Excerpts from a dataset

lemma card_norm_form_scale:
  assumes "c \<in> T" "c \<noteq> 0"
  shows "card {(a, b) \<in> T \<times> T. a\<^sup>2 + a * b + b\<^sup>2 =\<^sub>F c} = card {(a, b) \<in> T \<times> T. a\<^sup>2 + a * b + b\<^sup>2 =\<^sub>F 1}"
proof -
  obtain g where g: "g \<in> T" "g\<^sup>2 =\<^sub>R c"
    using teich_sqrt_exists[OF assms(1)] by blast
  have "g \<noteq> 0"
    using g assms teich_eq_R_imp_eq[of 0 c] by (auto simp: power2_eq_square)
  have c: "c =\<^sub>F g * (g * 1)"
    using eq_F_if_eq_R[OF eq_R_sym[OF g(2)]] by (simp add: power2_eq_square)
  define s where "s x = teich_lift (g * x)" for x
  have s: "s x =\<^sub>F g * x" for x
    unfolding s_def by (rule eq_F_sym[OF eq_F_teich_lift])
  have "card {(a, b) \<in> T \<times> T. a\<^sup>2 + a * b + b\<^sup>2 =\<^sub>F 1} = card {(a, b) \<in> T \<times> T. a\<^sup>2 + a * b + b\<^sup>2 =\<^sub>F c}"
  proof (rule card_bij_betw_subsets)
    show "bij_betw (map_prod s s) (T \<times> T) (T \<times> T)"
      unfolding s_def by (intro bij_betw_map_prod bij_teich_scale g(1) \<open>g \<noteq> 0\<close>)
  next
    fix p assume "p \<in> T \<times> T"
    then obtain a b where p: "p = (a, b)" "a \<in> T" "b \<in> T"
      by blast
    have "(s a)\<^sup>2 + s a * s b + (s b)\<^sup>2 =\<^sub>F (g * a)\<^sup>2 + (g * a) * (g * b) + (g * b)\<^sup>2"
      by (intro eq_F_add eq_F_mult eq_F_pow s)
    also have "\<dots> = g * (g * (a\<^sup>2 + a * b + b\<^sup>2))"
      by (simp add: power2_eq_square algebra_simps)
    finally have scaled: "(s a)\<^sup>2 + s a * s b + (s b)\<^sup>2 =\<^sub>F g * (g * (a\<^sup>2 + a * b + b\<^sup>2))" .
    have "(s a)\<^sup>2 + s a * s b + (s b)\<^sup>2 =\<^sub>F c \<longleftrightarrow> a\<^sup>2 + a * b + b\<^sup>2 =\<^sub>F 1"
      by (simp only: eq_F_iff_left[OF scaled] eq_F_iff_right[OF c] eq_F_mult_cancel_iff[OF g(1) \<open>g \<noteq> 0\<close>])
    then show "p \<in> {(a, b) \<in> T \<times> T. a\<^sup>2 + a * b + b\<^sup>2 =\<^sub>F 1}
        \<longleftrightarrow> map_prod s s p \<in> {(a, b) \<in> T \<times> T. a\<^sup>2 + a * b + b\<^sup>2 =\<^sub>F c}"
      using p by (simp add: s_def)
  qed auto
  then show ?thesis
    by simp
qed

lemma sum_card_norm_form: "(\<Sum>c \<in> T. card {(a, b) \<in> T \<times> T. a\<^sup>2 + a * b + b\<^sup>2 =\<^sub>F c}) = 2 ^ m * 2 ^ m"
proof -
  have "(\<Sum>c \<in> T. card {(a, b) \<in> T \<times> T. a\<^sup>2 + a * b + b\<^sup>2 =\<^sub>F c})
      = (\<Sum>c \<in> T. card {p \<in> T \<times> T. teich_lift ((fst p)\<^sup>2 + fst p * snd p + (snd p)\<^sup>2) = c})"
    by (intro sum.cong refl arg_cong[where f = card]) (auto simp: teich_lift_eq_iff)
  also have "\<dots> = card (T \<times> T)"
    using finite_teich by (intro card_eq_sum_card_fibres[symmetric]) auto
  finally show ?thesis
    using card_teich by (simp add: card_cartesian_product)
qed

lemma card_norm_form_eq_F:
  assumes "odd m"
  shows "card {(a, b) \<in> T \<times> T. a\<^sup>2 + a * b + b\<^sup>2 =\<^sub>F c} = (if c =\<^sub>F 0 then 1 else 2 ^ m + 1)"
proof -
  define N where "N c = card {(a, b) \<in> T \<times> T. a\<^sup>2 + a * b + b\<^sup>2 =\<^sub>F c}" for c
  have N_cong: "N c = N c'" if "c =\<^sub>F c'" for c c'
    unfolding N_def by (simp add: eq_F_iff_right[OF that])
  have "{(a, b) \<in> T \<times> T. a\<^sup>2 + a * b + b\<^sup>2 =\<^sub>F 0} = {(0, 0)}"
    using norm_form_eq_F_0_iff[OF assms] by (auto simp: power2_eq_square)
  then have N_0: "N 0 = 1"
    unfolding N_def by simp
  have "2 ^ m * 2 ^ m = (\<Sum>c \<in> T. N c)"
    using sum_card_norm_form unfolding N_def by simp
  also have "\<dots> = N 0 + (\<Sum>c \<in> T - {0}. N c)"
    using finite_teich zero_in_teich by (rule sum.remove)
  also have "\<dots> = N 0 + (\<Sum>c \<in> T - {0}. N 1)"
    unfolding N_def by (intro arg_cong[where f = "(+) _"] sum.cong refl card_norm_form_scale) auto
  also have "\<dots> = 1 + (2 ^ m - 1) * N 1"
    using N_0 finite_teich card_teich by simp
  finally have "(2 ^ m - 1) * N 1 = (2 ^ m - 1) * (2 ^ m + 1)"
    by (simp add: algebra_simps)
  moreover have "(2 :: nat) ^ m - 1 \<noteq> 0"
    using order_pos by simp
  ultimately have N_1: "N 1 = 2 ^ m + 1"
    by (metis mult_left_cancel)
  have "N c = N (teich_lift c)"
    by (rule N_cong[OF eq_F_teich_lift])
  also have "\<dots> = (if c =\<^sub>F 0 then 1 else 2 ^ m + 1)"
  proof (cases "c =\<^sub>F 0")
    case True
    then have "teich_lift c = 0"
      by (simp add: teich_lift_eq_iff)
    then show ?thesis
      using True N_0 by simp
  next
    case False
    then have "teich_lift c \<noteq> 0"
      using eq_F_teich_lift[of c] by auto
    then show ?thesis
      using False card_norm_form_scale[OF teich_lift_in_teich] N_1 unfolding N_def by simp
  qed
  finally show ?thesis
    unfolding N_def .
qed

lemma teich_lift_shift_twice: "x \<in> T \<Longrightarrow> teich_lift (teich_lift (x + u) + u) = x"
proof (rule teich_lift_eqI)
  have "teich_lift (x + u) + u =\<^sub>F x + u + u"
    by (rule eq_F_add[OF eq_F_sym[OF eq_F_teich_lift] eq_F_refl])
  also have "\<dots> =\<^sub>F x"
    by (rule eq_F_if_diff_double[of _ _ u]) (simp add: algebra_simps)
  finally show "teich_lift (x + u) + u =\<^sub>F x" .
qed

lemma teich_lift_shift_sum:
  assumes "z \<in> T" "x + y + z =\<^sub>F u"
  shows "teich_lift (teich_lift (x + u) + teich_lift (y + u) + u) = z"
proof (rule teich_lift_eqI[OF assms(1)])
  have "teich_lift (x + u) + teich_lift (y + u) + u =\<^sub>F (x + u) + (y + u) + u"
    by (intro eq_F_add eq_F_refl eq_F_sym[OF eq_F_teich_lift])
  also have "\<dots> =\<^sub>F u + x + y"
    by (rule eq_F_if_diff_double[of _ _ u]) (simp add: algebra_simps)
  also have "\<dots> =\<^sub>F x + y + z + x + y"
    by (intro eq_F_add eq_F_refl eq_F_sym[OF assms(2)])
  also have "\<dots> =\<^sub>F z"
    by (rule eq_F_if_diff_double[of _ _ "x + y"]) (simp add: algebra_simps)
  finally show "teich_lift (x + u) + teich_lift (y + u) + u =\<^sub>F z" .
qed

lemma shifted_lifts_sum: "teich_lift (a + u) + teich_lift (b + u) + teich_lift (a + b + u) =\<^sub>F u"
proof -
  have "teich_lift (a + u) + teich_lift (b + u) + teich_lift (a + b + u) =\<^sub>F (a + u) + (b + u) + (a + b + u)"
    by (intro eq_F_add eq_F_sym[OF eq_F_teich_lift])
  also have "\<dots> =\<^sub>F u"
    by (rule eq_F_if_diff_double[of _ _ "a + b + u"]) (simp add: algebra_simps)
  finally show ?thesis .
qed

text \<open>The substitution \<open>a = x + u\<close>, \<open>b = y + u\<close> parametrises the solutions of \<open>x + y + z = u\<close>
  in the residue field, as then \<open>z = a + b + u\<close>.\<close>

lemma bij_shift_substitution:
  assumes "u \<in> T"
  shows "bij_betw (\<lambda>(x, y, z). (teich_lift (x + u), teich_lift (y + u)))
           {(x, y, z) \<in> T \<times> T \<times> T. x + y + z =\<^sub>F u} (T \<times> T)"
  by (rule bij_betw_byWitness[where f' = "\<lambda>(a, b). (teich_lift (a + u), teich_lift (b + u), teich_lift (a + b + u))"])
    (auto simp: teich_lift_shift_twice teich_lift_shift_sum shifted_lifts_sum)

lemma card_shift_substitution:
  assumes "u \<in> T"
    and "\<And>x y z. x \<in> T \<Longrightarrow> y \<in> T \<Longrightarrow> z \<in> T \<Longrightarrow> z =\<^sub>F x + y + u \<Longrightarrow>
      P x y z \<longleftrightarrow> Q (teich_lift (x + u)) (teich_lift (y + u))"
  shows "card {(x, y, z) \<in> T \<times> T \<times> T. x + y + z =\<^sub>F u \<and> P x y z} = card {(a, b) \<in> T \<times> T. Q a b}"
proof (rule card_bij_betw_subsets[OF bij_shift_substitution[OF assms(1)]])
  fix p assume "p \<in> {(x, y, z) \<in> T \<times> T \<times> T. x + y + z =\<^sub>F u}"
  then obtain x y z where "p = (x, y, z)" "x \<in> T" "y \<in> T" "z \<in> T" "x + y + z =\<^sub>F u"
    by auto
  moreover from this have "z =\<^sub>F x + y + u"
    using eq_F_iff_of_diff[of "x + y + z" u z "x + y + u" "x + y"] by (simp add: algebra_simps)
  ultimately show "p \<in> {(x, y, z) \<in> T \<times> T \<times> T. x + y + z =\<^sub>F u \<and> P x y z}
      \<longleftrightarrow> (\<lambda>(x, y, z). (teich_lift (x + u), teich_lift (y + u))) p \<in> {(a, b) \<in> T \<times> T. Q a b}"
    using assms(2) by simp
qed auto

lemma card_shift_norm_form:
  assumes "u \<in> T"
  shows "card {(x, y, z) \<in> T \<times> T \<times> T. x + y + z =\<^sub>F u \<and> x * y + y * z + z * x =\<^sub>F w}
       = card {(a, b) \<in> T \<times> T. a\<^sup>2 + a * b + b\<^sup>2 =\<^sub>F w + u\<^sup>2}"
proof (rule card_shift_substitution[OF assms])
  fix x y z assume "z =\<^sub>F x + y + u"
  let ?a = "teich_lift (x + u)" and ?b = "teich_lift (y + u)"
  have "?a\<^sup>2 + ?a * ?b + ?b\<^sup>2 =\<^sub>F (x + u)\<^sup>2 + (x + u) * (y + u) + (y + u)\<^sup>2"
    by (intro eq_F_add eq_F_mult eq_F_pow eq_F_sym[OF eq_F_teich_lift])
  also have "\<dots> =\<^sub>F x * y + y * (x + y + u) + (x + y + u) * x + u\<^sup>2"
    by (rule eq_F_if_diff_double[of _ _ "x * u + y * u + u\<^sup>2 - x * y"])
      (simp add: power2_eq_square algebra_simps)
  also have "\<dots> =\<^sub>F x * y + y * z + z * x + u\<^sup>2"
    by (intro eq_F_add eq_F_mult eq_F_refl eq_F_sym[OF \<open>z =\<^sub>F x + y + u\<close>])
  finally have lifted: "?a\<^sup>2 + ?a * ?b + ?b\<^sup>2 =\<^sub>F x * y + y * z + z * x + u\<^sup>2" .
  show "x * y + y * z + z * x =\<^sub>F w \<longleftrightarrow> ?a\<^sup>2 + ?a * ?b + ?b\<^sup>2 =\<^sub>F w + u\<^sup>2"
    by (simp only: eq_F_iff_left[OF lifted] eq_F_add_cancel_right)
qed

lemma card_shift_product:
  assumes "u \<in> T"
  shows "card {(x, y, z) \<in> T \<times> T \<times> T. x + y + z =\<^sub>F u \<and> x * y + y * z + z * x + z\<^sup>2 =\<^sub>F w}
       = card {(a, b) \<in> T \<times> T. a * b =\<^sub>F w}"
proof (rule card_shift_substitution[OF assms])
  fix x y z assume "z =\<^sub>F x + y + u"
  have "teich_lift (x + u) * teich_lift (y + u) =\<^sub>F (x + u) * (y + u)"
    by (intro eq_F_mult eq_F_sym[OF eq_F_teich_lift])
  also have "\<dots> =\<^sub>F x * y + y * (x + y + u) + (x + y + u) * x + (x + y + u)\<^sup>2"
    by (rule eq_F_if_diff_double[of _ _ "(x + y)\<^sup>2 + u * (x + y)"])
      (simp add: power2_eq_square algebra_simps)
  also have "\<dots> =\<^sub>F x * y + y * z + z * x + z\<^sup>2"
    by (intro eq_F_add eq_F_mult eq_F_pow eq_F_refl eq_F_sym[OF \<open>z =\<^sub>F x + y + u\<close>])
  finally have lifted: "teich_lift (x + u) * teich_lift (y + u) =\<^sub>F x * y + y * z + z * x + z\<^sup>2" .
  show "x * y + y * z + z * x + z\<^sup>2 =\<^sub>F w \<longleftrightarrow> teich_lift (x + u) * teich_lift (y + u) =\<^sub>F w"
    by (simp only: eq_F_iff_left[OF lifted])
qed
==
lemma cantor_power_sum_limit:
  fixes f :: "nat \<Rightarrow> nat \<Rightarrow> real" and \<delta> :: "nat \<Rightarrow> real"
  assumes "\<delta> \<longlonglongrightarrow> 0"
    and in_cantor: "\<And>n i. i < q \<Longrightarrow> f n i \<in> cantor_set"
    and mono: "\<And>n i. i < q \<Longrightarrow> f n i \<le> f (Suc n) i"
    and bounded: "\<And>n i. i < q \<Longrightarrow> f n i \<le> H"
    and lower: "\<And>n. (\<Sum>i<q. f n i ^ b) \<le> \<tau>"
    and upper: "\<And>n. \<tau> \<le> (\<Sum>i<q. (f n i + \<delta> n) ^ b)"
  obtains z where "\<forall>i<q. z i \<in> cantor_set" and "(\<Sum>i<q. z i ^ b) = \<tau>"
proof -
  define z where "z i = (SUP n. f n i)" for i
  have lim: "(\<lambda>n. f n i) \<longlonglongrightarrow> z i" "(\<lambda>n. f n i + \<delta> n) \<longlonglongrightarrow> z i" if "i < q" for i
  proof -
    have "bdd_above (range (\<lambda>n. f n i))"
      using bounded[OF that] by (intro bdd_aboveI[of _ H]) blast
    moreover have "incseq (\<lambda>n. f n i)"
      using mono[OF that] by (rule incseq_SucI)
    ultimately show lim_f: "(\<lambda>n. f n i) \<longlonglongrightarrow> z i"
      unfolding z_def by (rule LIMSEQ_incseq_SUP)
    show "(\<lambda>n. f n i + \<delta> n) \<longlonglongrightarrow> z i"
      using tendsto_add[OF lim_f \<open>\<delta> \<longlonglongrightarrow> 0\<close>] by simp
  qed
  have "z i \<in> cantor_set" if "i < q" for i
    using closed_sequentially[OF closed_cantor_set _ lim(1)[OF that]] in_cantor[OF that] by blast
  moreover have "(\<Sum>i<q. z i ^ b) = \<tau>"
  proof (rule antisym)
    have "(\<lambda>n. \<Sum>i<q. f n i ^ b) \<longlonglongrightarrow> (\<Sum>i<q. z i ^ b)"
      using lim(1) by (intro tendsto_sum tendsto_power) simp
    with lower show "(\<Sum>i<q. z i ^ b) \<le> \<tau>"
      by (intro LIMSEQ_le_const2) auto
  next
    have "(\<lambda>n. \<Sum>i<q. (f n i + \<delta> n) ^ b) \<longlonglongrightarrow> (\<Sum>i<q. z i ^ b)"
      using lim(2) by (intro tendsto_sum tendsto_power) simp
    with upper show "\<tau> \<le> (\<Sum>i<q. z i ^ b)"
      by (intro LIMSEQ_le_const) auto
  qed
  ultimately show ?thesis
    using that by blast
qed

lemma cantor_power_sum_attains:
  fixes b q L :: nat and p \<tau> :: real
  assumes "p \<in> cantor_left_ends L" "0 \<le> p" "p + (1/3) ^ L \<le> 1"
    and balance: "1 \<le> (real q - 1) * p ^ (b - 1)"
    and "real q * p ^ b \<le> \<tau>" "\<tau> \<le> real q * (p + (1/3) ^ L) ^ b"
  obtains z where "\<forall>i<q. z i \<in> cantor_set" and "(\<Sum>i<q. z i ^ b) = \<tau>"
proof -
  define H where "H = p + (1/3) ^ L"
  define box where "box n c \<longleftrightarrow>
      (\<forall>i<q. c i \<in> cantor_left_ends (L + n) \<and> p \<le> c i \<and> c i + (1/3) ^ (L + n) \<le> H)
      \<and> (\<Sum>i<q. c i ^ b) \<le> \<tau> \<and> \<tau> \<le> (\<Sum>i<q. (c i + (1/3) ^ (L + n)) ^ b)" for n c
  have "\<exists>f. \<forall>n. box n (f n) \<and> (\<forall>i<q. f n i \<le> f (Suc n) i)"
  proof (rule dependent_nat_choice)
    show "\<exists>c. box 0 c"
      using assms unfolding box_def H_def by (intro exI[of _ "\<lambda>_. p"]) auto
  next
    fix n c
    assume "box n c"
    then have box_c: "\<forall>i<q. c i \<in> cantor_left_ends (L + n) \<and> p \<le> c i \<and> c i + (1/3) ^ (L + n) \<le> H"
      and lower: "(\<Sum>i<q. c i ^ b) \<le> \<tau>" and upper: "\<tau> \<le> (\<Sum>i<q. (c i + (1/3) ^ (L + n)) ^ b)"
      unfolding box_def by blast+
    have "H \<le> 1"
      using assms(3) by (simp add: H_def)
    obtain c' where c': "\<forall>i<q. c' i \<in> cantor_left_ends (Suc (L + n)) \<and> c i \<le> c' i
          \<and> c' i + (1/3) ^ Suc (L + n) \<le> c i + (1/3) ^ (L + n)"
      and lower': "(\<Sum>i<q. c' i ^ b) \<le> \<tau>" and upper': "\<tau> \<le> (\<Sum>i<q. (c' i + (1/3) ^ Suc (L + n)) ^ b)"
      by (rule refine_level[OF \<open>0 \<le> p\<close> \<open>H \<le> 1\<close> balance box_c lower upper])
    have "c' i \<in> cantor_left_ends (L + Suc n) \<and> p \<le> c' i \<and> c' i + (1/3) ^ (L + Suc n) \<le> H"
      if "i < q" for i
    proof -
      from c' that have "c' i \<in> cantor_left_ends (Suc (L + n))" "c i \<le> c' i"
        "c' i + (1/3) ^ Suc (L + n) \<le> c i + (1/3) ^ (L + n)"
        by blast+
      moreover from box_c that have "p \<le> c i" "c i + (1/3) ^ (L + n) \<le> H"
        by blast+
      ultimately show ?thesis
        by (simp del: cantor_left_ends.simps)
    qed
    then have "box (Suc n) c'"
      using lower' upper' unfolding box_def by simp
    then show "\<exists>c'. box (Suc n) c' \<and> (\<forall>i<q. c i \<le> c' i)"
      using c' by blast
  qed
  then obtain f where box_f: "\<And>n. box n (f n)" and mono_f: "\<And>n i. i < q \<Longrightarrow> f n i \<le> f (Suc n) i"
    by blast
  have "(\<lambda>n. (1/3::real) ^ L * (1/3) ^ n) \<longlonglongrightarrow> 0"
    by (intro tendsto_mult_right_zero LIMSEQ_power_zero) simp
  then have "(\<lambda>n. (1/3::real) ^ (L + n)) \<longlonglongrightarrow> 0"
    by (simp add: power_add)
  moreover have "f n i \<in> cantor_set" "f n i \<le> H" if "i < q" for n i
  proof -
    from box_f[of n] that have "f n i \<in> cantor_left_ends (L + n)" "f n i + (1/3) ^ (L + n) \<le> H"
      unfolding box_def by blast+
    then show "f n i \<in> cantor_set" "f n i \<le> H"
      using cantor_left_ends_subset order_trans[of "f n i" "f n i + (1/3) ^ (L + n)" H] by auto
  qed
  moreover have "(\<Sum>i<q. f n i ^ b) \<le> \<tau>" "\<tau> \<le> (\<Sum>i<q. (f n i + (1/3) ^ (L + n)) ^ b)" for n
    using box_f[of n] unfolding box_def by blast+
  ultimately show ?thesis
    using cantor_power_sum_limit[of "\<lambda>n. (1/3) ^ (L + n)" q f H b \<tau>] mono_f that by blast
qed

### [PROBLEM DETAILS]
Find the line with "using closed_sequentially[OF closed_cantor_set" in the entries above. Retype it and each line after it, exactly, through the line with "(real q - 1)", and stop there.

### [RESPONSE BOX]
    using closed_sequentially[OF closed_cantor_set _ lim(1)[OF that]] in_cantor[OF that] by blast
  moreover have "(\<Sum>i<q. z i ^ b) = \<tau>"
  proof (rule antisym)
    have "(\<lambda>n. \<Sum>i<q. f n i ^ b) \<longlonglongrightarrow> (\<Sum>i<q. z i ^ b)"
      using lim(1) by (intro tendsto_sum tendsto_power) simp
    with lower show "(\<Sum>i<q. z i ^ b) \<le> \<tau>"
      by (intro LIMSEQ_le_const2) auto
  next
    have "(\<lambda>n. \<Sum>i<q. (f n i + \<delta> n) ^ b) \<longlonglongrightarrow> (\<Sum>i<q. z i ^ b)"
      using lim(2) by (intro tendsto_sum tendsto_power) simp
    with upper show "\<tau> \<le> (\<Sum>i<q. z i ^ b)"
      by (intro LIMSEQ_le_const) auto
  qed
  ultimately show ?thesis
    using that by blast
qed

lemma cantor_power_sum_attains:
  fixes b q L :: nat and p \<tau> :: real
  assumes "p \<in> cantor_left_ends L" "0 \<le> p" "p + (1/3) ^ L \<le> 1"
    and balance: "1 \<le> (real q - 1) * p ^ (b - 1)"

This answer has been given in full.